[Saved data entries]
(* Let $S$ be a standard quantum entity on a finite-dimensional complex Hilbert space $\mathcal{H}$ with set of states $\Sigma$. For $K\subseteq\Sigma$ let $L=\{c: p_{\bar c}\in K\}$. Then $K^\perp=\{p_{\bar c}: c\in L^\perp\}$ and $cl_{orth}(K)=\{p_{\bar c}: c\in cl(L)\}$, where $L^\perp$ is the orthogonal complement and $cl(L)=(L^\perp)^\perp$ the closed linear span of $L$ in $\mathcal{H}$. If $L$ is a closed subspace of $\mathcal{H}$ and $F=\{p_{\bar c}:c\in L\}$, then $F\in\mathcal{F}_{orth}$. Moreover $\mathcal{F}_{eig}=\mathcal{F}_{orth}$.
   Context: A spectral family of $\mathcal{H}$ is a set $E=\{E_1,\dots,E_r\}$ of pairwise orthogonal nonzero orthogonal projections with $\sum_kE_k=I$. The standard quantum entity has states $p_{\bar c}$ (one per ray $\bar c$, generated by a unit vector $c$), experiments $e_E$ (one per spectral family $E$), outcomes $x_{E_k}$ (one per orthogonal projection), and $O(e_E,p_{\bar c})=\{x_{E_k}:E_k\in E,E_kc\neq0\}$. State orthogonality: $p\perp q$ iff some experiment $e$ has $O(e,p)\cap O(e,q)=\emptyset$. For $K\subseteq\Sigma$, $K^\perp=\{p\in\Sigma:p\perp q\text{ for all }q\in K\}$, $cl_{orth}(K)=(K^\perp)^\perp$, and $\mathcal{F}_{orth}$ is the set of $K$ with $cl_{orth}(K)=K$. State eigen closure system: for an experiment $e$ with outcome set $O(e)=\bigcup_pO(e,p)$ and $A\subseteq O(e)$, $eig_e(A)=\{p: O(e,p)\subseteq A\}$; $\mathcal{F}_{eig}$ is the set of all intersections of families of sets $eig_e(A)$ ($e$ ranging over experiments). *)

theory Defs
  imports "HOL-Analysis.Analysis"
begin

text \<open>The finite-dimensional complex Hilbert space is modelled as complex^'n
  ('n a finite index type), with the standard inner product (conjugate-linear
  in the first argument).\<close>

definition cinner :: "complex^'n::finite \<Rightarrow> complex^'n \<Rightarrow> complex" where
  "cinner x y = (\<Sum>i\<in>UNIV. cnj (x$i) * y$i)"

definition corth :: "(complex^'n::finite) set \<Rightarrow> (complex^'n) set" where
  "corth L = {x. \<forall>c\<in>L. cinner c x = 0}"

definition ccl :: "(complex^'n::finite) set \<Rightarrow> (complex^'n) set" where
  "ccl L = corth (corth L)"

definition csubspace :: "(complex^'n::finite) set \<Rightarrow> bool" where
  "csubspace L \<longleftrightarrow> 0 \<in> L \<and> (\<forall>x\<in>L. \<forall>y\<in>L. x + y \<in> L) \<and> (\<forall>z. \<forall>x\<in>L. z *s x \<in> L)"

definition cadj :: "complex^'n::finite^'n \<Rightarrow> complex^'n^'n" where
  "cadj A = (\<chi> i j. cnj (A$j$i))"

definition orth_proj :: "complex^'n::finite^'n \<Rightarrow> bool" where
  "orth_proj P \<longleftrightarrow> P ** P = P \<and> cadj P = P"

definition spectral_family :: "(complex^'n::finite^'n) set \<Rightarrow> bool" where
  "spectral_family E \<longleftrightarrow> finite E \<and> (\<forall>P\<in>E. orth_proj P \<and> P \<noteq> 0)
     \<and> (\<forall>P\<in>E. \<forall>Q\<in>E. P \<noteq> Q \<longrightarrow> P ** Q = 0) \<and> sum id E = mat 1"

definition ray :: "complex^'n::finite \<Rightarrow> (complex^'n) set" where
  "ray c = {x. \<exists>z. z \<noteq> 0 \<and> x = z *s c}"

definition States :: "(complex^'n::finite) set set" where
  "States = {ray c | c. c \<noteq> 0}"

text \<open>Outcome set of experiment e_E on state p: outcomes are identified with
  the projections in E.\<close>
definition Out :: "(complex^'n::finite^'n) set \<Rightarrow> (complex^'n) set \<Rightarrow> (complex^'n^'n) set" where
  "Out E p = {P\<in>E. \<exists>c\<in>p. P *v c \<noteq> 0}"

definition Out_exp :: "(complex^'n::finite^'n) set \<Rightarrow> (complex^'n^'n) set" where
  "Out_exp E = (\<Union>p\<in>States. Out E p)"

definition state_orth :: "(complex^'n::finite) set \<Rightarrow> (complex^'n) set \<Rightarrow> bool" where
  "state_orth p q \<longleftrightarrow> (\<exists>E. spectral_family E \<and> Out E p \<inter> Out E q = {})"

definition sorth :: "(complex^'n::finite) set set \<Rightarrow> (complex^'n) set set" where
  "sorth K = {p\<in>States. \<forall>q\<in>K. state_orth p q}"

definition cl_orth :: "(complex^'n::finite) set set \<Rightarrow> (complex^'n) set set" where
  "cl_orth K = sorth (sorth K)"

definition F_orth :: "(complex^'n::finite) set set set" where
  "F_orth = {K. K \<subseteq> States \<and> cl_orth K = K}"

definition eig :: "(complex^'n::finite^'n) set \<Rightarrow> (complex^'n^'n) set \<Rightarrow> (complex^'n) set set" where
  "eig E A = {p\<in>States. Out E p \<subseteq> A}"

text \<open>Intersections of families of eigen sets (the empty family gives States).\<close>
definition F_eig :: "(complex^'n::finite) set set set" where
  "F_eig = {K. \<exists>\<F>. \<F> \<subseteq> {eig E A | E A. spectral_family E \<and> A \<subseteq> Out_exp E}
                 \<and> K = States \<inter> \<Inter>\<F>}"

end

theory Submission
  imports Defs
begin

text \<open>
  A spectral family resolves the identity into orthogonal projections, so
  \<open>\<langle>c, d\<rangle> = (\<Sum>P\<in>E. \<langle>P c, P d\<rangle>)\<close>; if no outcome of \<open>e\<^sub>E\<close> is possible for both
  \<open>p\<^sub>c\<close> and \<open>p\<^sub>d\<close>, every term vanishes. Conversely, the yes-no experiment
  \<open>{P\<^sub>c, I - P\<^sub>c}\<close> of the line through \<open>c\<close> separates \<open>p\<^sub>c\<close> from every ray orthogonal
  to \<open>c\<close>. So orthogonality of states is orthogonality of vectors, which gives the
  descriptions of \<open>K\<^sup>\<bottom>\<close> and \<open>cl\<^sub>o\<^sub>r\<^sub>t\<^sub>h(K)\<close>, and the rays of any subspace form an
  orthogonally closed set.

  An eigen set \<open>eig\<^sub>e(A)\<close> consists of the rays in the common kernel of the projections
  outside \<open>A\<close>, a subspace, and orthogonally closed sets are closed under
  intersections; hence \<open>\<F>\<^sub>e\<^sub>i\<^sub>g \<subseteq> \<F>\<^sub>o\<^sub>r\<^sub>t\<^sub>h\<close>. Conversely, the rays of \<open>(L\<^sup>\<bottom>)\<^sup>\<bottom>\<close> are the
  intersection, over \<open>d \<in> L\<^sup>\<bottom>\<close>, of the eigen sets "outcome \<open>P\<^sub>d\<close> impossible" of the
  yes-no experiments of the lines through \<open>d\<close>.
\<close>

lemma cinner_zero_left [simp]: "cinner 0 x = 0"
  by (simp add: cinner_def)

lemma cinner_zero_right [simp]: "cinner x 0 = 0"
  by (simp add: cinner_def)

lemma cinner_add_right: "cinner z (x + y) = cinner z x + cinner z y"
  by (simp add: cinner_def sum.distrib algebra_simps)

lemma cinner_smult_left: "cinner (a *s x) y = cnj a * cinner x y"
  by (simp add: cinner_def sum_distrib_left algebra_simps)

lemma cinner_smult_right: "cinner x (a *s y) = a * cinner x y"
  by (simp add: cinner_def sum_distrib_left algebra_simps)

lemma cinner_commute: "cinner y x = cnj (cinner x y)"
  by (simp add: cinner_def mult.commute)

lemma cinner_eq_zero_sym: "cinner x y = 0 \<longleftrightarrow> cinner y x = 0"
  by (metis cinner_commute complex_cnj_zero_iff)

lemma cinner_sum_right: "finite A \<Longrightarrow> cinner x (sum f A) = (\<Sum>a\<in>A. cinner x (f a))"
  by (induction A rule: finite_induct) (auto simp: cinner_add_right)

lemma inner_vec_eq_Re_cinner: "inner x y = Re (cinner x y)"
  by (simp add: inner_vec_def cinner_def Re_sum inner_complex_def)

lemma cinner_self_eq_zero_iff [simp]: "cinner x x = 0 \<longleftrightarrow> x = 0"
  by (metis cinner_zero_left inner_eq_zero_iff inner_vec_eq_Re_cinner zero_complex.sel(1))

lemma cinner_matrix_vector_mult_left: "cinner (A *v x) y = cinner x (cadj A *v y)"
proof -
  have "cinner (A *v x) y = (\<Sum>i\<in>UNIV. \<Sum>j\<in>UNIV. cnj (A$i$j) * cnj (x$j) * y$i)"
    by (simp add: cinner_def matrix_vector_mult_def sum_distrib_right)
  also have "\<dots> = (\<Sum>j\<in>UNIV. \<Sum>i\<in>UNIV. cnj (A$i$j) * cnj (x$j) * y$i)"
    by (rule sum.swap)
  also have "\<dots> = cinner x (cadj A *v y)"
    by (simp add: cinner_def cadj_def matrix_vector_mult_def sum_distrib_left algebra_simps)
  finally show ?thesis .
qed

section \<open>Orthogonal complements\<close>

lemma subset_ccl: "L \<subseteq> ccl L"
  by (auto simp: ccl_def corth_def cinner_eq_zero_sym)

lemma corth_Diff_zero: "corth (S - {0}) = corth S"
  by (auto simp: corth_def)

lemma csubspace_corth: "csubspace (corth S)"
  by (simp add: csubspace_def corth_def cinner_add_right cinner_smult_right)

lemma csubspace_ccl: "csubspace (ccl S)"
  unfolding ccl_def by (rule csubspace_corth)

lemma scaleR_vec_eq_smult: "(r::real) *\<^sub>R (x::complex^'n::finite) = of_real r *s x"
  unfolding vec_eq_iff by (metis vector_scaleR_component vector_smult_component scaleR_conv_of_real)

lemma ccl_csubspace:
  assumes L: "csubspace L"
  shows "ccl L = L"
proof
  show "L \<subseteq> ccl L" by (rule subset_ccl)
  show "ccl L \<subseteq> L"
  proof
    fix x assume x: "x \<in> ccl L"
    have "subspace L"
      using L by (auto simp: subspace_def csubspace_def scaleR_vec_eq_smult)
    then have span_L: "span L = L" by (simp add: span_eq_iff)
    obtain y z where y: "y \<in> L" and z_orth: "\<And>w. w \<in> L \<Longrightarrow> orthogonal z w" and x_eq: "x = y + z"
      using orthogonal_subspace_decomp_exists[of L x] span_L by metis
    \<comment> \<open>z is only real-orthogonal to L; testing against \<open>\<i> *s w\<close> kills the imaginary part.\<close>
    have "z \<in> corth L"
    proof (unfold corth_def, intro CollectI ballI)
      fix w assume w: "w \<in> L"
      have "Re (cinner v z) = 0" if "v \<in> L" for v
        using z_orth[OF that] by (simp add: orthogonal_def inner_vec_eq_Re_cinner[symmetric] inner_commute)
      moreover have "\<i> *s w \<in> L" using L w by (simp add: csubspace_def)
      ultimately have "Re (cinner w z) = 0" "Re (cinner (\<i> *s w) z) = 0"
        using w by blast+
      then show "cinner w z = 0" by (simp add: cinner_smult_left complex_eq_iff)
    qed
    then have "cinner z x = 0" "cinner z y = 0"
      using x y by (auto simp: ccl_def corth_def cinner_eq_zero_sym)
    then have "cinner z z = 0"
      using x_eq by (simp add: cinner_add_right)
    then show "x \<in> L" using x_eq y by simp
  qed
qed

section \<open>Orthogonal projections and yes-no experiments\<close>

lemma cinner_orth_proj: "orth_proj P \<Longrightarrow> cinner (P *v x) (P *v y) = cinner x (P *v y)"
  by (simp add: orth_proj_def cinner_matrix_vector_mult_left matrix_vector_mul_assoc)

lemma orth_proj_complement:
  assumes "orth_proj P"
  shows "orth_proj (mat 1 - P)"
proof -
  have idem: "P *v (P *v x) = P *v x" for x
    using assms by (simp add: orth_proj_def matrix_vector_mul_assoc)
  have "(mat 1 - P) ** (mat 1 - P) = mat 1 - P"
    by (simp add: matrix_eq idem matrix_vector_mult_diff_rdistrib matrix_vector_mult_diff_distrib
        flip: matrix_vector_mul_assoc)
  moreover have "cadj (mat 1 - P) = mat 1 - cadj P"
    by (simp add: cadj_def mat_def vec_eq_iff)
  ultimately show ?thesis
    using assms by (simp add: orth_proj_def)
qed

...

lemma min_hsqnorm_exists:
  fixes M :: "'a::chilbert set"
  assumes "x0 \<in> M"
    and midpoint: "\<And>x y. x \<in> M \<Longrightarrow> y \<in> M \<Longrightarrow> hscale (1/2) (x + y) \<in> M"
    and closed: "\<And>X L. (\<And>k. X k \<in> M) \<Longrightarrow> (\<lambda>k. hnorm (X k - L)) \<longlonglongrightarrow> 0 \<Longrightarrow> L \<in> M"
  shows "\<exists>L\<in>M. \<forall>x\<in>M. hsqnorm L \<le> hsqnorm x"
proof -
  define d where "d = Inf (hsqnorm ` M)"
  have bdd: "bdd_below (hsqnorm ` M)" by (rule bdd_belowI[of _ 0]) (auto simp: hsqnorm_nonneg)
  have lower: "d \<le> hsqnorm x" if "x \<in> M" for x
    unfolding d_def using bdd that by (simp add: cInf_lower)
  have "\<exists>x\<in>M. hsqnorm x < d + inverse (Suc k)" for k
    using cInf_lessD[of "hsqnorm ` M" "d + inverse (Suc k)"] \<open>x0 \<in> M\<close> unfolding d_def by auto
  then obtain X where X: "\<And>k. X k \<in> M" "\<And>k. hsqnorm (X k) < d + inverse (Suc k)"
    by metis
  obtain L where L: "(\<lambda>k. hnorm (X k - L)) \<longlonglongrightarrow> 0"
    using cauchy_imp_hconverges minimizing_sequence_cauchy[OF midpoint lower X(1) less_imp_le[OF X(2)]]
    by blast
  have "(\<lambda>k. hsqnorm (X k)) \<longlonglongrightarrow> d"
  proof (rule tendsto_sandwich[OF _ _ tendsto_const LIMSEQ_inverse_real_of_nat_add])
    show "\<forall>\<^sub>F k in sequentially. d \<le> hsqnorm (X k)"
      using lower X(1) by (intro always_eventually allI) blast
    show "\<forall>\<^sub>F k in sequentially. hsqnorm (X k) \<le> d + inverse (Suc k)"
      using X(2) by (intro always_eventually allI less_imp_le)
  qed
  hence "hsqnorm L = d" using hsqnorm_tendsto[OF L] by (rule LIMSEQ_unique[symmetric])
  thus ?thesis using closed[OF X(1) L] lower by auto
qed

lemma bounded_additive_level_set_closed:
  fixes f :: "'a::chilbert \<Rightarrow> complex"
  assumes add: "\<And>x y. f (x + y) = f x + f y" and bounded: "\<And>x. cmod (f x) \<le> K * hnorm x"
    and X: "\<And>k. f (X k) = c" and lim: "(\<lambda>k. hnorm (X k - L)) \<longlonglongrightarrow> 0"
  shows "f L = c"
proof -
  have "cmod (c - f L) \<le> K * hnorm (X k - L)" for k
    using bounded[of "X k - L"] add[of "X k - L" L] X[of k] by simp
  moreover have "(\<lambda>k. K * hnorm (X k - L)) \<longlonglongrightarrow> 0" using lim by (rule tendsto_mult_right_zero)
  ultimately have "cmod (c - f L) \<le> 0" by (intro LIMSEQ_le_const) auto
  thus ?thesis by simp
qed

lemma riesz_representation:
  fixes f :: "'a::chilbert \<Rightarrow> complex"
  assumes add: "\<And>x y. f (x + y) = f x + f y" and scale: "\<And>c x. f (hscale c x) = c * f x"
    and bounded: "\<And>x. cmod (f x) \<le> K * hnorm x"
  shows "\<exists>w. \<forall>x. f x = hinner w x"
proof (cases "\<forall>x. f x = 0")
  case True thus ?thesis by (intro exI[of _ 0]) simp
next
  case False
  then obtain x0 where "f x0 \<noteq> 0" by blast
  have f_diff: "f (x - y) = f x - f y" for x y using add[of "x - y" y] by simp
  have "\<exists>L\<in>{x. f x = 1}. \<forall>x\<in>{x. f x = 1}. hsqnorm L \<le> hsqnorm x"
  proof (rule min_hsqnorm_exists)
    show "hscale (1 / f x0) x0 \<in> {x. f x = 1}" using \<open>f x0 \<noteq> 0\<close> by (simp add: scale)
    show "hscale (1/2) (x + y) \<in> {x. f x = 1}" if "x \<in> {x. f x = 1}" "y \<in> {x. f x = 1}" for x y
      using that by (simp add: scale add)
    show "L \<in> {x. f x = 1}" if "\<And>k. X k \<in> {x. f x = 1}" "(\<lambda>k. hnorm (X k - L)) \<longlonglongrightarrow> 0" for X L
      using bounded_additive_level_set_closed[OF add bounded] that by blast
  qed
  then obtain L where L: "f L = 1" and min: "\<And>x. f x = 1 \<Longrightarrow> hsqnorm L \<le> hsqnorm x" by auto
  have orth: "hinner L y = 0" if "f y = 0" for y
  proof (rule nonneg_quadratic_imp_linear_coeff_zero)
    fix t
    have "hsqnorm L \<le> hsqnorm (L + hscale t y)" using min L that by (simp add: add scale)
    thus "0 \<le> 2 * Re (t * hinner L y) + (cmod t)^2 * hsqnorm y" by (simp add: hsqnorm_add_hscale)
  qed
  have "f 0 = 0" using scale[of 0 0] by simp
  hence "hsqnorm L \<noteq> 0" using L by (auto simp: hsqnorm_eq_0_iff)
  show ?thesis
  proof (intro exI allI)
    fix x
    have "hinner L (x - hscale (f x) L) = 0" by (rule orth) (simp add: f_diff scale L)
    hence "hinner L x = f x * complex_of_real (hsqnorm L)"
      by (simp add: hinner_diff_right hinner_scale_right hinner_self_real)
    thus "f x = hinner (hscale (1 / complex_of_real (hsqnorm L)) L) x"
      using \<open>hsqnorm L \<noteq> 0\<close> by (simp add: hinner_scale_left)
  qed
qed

==

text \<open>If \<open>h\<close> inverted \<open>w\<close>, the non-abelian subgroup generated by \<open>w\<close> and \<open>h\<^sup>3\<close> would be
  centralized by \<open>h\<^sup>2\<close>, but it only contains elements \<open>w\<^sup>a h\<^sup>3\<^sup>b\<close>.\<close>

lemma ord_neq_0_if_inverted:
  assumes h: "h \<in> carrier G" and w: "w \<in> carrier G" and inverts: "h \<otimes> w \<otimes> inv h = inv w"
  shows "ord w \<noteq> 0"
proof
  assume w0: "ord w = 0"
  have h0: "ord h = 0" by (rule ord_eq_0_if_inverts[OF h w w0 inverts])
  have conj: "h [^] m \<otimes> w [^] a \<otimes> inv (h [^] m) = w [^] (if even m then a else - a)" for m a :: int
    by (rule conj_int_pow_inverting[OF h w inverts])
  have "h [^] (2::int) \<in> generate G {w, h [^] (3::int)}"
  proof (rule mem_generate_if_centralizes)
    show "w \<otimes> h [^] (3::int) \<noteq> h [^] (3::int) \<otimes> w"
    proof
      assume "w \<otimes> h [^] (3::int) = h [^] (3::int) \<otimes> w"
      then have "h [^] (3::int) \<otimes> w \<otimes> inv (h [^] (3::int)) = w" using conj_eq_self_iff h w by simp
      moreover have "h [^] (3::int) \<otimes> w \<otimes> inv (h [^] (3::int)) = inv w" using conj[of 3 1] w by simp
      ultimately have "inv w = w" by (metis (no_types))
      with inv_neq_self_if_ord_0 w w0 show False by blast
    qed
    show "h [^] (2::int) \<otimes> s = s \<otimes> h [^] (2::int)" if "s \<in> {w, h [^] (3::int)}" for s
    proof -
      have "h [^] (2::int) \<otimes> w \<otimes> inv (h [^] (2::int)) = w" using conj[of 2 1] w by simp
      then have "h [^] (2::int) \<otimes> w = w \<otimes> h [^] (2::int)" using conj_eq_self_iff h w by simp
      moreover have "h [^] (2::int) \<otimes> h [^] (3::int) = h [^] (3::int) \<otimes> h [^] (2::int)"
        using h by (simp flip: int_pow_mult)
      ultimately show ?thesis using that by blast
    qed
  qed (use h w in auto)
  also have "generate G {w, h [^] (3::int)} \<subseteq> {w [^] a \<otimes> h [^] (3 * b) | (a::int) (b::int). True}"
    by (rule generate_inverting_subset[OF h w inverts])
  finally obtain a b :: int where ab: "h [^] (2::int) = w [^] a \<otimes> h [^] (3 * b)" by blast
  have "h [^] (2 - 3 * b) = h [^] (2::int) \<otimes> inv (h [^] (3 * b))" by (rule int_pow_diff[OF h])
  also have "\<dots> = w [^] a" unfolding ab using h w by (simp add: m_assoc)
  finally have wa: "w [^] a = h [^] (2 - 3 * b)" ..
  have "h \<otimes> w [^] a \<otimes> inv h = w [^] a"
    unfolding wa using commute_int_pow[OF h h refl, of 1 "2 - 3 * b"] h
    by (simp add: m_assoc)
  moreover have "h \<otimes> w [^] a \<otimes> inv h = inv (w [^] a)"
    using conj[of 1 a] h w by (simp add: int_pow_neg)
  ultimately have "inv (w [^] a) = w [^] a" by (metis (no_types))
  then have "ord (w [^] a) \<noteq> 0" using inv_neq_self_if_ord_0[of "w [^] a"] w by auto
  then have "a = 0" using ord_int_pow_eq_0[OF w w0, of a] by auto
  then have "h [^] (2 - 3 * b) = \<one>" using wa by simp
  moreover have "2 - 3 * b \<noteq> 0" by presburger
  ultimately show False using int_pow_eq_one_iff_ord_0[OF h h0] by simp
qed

→ WHAT NEEDS TO BE DONE:
Above are the lines; repeat exactly the ones from the line containing "c. c \<noteq>" down to the line containing "E = (\<Union>p\<in>States.", both inclusive.

→ TASK SOLUTION:
  "States = {ray c | c. c \<noteq> 0}"

text \<open>Outcome set of experiment e_E on state p: outcomes are identified with
  the projections in E.\<close>
definition Out :: "(complex^'n::finite^'n) set \<Rightarrow> (complex^'n) set \<Rightarrow> (complex^'n^'n) set" where
  "Out E p = {P\<in>E. \<exists>c\<in>p. P *v c \<noteq> 0}"

definition Out_exp :: "(complex^'n::finite^'n) set \<Rightarrow> (complex^'n^'n) set" where
  "Out_exp E = (\<Union>p\<in>States. Out E p)"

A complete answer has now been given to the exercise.